Disciplining an Unruly Field: Terrorism Experts and Theories of Scientific/Intellectual Production

“Terrorism” has proved to be a highly problematic object of expertise. Terrorism
studies fails to conform to the most common sociological notions of what a field of
intellectual production ought to look like, and has been described by participants and
observers alike as a failure. Yet the study of terrorism is a booming field, whether measured
in terms of funding, publications, or numbers of aspiring experts. This paper aims to
explain, first, the disjuncture between terrorism studies in practice and the sociological
literature on fields of intellectual production, and, second, the reasons for experts’ “rhetoric
of failure” about their field.
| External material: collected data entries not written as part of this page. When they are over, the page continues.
lemma time_bound:
  "real (3 + (n + 1) * ((n + 1) * (13 * Q + 46) + 11) + (n + 1) * 4) \<le> 100 * (real n + 1 / eps + 1) ^ 5"
proof -
  define N where "N = real n + 1 / eps + 1"
  define a where "a = real n + 1"
  have "0 < 1 / eps" using eps_pos by simp
  then have "1 \<le> N" "0 \<le> a" "a \<le> N" "real n \<le> N" "1 / eps \<le> N" unfolding N_def a_def by auto
  have "real Q \<le> real n * real n * (1 / eps)" unfolding Q_def using eps_pos by (simp add: of_nat_floor)
  also have "\<dots> \<le> N * N * N"
    using \<open>real n \<le> N\<close> \<open>1 / eps \<le> N\<close> \<open>0 < 1 / eps\<close> by (intro mult_mono) auto
  finally have "real Q \<le> N ^ 3" by (simp add: power3_eq_cube)
  have "a * a \<le> N ^ 2" using \<open>a \<le> N\<close> \<open>0 \<le> a\<close> by (simp add: power2_eq_square mult_mono)
  then have "a * a * real Q \<le> N ^ 2 * N ^ 3" using \<open>real Q \<le> N ^ 3\<close> \<open>0 \<le> a\<close> by (intro mult_mono) auto
  moreover have "N ^ 2 \<le> N ^ 5" "N \<le> N ^ 5" "1 \<le> N ^ 5"
    using \<open>1 \<le> N\<close> by (auto intro: power_increasing[of 2 5 N, simplified] power_increasing[of 1 5 N, simplified])
  moreover have "real (3 + (n + 1) * ((n + 1) * (13 * Q + 46) + 11) + (n + 1) * 4)
      = 3 + 13 * (a * a * real Q) + 46 * (a * a) + 15 * a"
    unfolding a_def by (simp add: algebra_simps)
  ultimately show ?thesis
    using \<open>a * a \<le> N ^ 2\<close> \<open>a \<le> N\<close> unfolding N_def by (simp add: power_add[symmetric])
qed

lemma decode_output_spec:
  assumes "scale_inv n s"
  shows "runs_to decode_output s (\<lambda>t s'.
    (\<exists>T. feasible T \<and> output_set n s' = T \<and> dominates_tables n (knap_profit T)) \<and> t \<le> 2 + (n + 1) * 4)"
proof -
  have "holds_input s" "best_feasible s" and dom: "dominates_tables n (s (reg 9))"
    using assms unfolding scale_inv_def by blast+
  then obtain T where T: "feasible T" "s (reg 9) = knap_profit T" "s (reg 10) = bitcode T"
    unfolding best_feasible_def by blast
  then have "finite T" "T \<subseteq> {..<n}" unfolding feasible_def using finite_subset by auto
  have n0: "s 0 = real n" using \<open>holds_input s\<close> unfolding holds_input_def by blast
  have a1: "runs_to (Assign (var_addr 1) (N 0)) s (\<lambda>t s'. t = 1 \<and> s' = s(reg 1 := 0))"
    using n0 by (intro runs_to_assign_var[where s = s]) simp_all
  have a2: "runs_to (Assign (var_addr 2) (N 1)) (s(reg 1 := 0)) (\<lambda>t s'. t = 1 \<and> s' = s(reg 1 := 0, reg 2 := 1))"
    using n0 by (intro runs_to_assign_var) simp_all
  have "decode_inv T 0 (s(reg 1 := 0, reg 2 := 1))"
    using \<open>holds_input s\<close> T by (simp add: decode_inv_def)
  from decode_loop_spec[OF this \<open>finite T\<close>]
  have "runs_to decode_loop (s(reg 1 := 0, reg 2 := 1)) (\<lambda>t s'.
    (\<exists>T. feasible T \<and> output_set n s' = T \<and> dominates_tables n (knap_profit T)) \<and> 1 + (1 + t) \<le> 2 + (n + 1) * 4)"
  proof (rule runs_to_mono, safe)
    fix t s' assume "decode_inv T n s'"
    then have "output_set n s' = T"
      using \<open>T \<subseteq> {..<n}\<close> unfolding decode_inv_def output_set_def by auto
    then show "\<exists>T. feasible T \<and> output_set n s' = T \<and> dominates_tables n (knap_profit T)"
      using T dom by auto
  qed simp
  then show ?thesis
    unfolding decode_output_def by (rule runs_to_Seq_exact[OF a1 runs_to_Seq_exact[OF a2]])
qed

lemma fptas_prog_spec:
  "runs_to fptas_prog (input_state n v c B eps) (\<lambda>t s'.
     (\<exists>T. feasible T \<and> output_set n s' = T \<and> dominates_tables n (knap_profit T))
     \<and> t \<le> 3 + (n + 1) * ((n + 1) * (13 * Q + 46) + 11) + (n + 1) * 4)"
proof -
  define s0 where "s0 = input_state n v c B eps"
  have "holds_input s0" unfolding s0_def by (rule holds_input_input_state)
  then have n0: "s0 0 = real n" and "s0 2 = eps" unfolding holds_input_def by auto
  have high: "\<And>a. 3 + 2 * n \<le> a \<Longrightarrow> s0 a = 0" unfolding s0_def by (rule input_state_high)
  define s1 where "s1 = s0(reg 7 := real Q)"
  have a7: "runs_to (Assign (var_addr 7) (Floor (Divide (Mult (R (N 0)) (R (N 0))) (R (N 2))))) s0
      (\<lambda>t s'. t = 1 \<and> s' = s1)"
    using n0 \<open>s0 2 = eps\<close> eps_pos unfolding Q_def s1_def by (intro runs_to_assign_var[where s = s0]) simp_all
  have "feasible {}" "knap_profit {} = 0" "bitcode {} = 0"
    using B_pos by (simp_all add: feasible_def total_weight_def knap_profit_def total_value_def bitcode_def)
  then have "scale_inv 0 s1"
    unfolding scale_inv_def best_feasible_def dominates_tables_def
    using \<open>holds_input s0\<close> high by (auto simp: s1_def table_base_def reg_def)
  from scale_loop_spec[OF this]
  have "runs_to (Seq scale_loop decode_output) s1 (\<lambda>t s'.
     (\<exists>T. feasible T \<and> output_set n s' = T \<and> dominates_tables n (knap_profit T))
     \<and> 1 + t \<le> 3 + (n + 1) * ((n + 1) * (13 * Q + 46) + 11) + (n + 1) * 4)"
    by (rule runs_to_Seq[OF runs_to_mono]) (auto elim!: runs_to_mono[OF decode_output_spec])
  then show ?thesis
    unfolding fptas_prog_def s0_def[symmetric] by (rule runs_to_Seq_exact[OF a7])
qed

lemma fptas_prog_correct:
  "\<exists>t s'. exec fptas_prog (input_state n v c B eps) t s' \<and>
     real t \<le> 100 * (real n + 1 / eps + 1) ^ 5 \<and>
     output_set n s' \<subseteq> {..<n} \<and>
     price (additive_fun v) c (output_set n s') \<le> ereal B \<and>
     (1 - eps) * max_profit {..<n} (additive_fun v) c B \<le> profit (additive_fun v) c (output_set n s')"
proof -
  obtain t s' T where "exec fptas_prog (input_state n v c B eps) t s'" and T: "feasible T" "output_set n s' = T"
    and dom: "dominates_tables n (knap_profit T)"
    and t: "t \<le> 3 + (n + 1) * ((n + 1) * (13 * Q + 46) + 11) + (n + 1) * 4"
    using fptas_prog_spec unfolding runs_to_def by blast
  moreover have "real t \<le> 100 * (real n + 1 / eps + 1) ^ 5"
    using t time_bound by (meson of_nat_le_iff order_trans)
  moreover have "(1 - eps) * max_profit {..<n} (additive_fun v) c B \<le> knap_profit T"
    using dp_tables_approximate[OF dom knap_profit_nonneg[OF T(1)]] B_pos
    by (intro max_profit_le) auto
  moreover have "output_set n s' \<subseteq> {..<n}" unfolding output_set_def by auto
  ultimately show ?thesis
    using feasible_price_profit[OF T(1)] by (intro exI[of _ t] exI[of _ s']) simp
qed

end

theorem mainTheorem18:
  shows "\<exists>prog :: com. \<exists>C :: real. \<exists>k :: nat.
    \<forall>(n :: nat) (v :: nat \<Rightarrow> real) (c :: nat \<Rightarrow> real) (B :: real) (eps :: real).
      (\<forall>i<n. 0 \<le> v i) \<and> (\<forall>i<n. 0 \<le> c i) \<and> (\<Sum>i<n. v i) \<le> 1 \<and>
      0 < B \<and> B \<le> 1 \<and> 0 < eps \<and> eps < 1 \<longrightarrow>
      (\<exists>t s'. exec prog (input_state n v c B eps) t s' \<and>
         real t \<le> C * (real n + 1 / eps + 1) ^ k \<and>
         output_set n s' \<subseteq> {..<n} \<and>
         price (additive_fun v) c (output_set n s') \<le> ereal B \<and>
         profit (additive_fun v) c (output_set n s')
           \<ge> (1 - eps) * max_profit {..<n} (additive_fun v) c B)"
proof (rule exI[of _ fptas_prog], rule exI[of _ "100 :: real"], rule exI[of _ "5 :: nat"], intro allI impI)
  fix n v c B eps
  assume "(\<forall>i<n. 0 \<le> (v :: nat \<Rightarrow> real) i) \<and> (\<forall>i<n. 0 \<le> (c :: nat \<Rightarrow> real) i) \<and> (\<Sum>i<n. v i) \<le> 1 \<and>
      0 < (B :: real) \<and> B \<le> 1 \<and> 0 < (eps :: real) \<and> eps < 1"
  then interpret fptas n v c B eps by unfold_locales auto
  show "\<exists>t s'. exec fptas_prog (input_state n v c B eps) t s' \<and>
      real t \<le> 100 * (real n + 1 / eps + 1) ^ 5 \<and>
      output_set n s' \<subseteq> {..<n} \<and>
      price (additive_fun v) c (output_set n s') \<le> ereal B \<and>
      profit (additive_fun v) c (output_set n s') \<ge> (1 - eps) * max_profit {..<n} (additive_fun v) c B"
    using fptas_prog_correct by simp
qed

end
I suggest that terrorism studies, rather than conforming to the
notion of an ideal-typical profession, discipline, or bounded “intellectual field,” instead
represents an interstitial space of knowledge production. I further argue that the “rhetoric of
failure” can be understood as a strategy through which terrorism researchers mobilize
sociological theories of scientific/cultural fields as both an interpretive resource in their
attempts to make sense of the apparent oddness of their field and their situation, and as
schemas, or models, in their attempts to reshape the field. I conclude that sociologists ought
to expand our vision to incorporate the many arenas of expertise that occupy interstitial
spaces, moving and travelling between multiple fields.